With regard to CI, the daily dosing regimens in the setting of FOS monotherapy were 12 g [4, 22], 18 g [4] and 24 g [30, 33], while FOS in combination with carbapenems was evaluated at daily dose of 16 g [23], resulting active against Pseudomonas aeruginosa in two studies [23, 30] and Escherichia coli extended-spectrum beta-lactamase (ESBL)-producing, but not against carbapenem-resistant P. aeruginosa.

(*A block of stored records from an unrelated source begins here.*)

lemma infsum_quad_term_reflection:
  assumes signs: "\<sigma> \<in> signs4" "\<tau> \<in> signs4"
    and even: "\<And>v. v \<in> X \<Longrightarrow> even (sum4 v)"
    and maps_to: "\<And>v. v \<in> X \<Longrightarrow> flip4 \<sigma> (reflect4 (flip4 \<tau> v)) \<in> Y"
    and maps_from: "\<And>w. w \<in> Y \<Longrightarrow> flip4 \<tau> (reflect4 (flip4 \<sigma> w)) \<in> X"
    and phase: "\<And>v. v \<in> X \<Longrightarrow>
      100 dvd lin4 l k m v - lin4 l' k' m' (flip4 \<sigma> (reflect4 (flip4 \<tau> v))) - 50"
  shows "infsum (quad_term t l k m) X = - infsum (quad_term t l' k' m') Y"
proof -
  define j where "j v = flip4 \<sigma> (reflect4 (flip4 \<tau> v))" for v
  define i where "i w = flip4 \<tau> (reflect4 (flip4 \<sigma> w))" for w
  have even_flip: "v \<in> X \<Longrightarrow> even (sum4 (flip4 \<tau> v))" for v
    using even even_sum4_flip4[OF signs(2)] by blast
  have "infsum (\<lambda>v. - quad_term t l k m v) X = infsum (quad_term t l' k' m') Y"
  proof (rule infsum_reindex_bij_witness[of X i j])
    fix v assume v: "v \<in> X"
    show "i (j v) = v"
      unfolding i_def j_def using v even_flip by (simp add: flip4_flip4 reflect4_reflect4 signs)
    show "j v \<in> Y" unfolding j_def by (rule maps_to[OF v])
    have "sqnorm4 (j v) = sqnorm4 v"
      unfolding j_def using v even_flip by (simp add: sqnorm4_flip4 sqnorm4_reflect4 signs)
    then show "quad_term t l' k' m' (j v) = - quad_term t l k m v"
      using quad_term_eq_uminus[OF _ phase[OF v], of t] unfolding j_def by simp
  next
    fix w assume w: "w \<in> Y"
    have "even (sum4 (reflect4 (flip4 \<sigma> w)))"
      using even[OF maps_from[OF w]] even_sum4_flip4[OF signs(2)] by simp
    then show "j (i w) = w"
      unfolding i_def j_def by (simp add: flip4_flip4 reflect4_reflect4 even_sum4_reflect4 signs)
    show "i w \<in> X" unfolding i_def by (rule maps_from[OF w])
  qed
  then show ?thesis unfolding infsum_uminus by (metis minus_minus)
qed

lemma infsum_split_pred:
  fixes f :: "'a \<Rightarrow> 'b::banach"
  assumes "f summable_on A"
  shows "infsum f A = infsum f {x \<in> A. P x} + infsum f {x \<in> A. \<not> P x}"
proof -
  have "A = {x \<in> A. P x} \<union> {x \<in> A. \<not> P x}" by blast
  then show ?thesis
    using assms by (metis (no_types, lifting) infsum_Un_disjoint disjoint_iff mem_Collect_eq
      summable_on_subset_banach subset_eq)
qed

lemma quad_lattice_param:
  assumes "v \<in> quad_lattice r s"
  obtains a b c q p where "v = (10 * a + r, 10 * b + r, 10 * c + r, 10 * (2 * q + p - a - b - c) + s)"
    and "p = 0 \<or> p = 1"
proof -
  obtain A B C D where v: "v = (A, B, C, D)" by (cases v)
  have decomp: "X mod 10 = y mod 10 \<Longrightarrow> X = 10 * ((X - y) div 10) + y" for X y :: int
    by (simp add: mod_eq_dvd_iff)
  define a where "a = (A - r) div 10"
  define b where "b = (B - r) div 10"
  define c where "c = (C - r) div 10"
  define d where "d = (D - s) div 10"
  have "A = 10 * a + r" "B = 10 * b + r" "C = 10 * c + r" "D = 10 * d + s"
    using assms decomp unfolding v quad_lattice_def residue10_def a_def b_def c_def d_def by auto
  moreover have "d = 2 * ((a + b + c + d) div 2) + (a + b + c + d) mod 2 - a - b - c" by simp
  moreover have "(a + b + c + d) mod 2 = 0 \<or> (a + b + c + d) mod 2 = 1" by presburger
  ultimately show thesis using that v by metis
qed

With regard to PI, seven different dosing regimens were evaluated. A schedule of 12 g per day (4g q8hr PI) was evaluated in two studies against non-MDR isolates, administered as monotherapy [23] or combination therapy [22]. FOS monotherapy 16 g per day, administered either as 4 g q6hr PI [28, 29] or 8 g q12hr PI [28], resulted active against non-MDR isolates in two studies. Administration of 18 g per day (6 g q8hr PI) was evaluated in a PK model simulation [25] and in the ZEUS trial [31, 32]. Finally, dosing regimens of 24 g per day, either as 4 g q4hr PI [23], 6 g q6hr PI [24, 26, 27], or 8 g q8hr PI [24, 27,28,29], resulted active also against MDR isolates.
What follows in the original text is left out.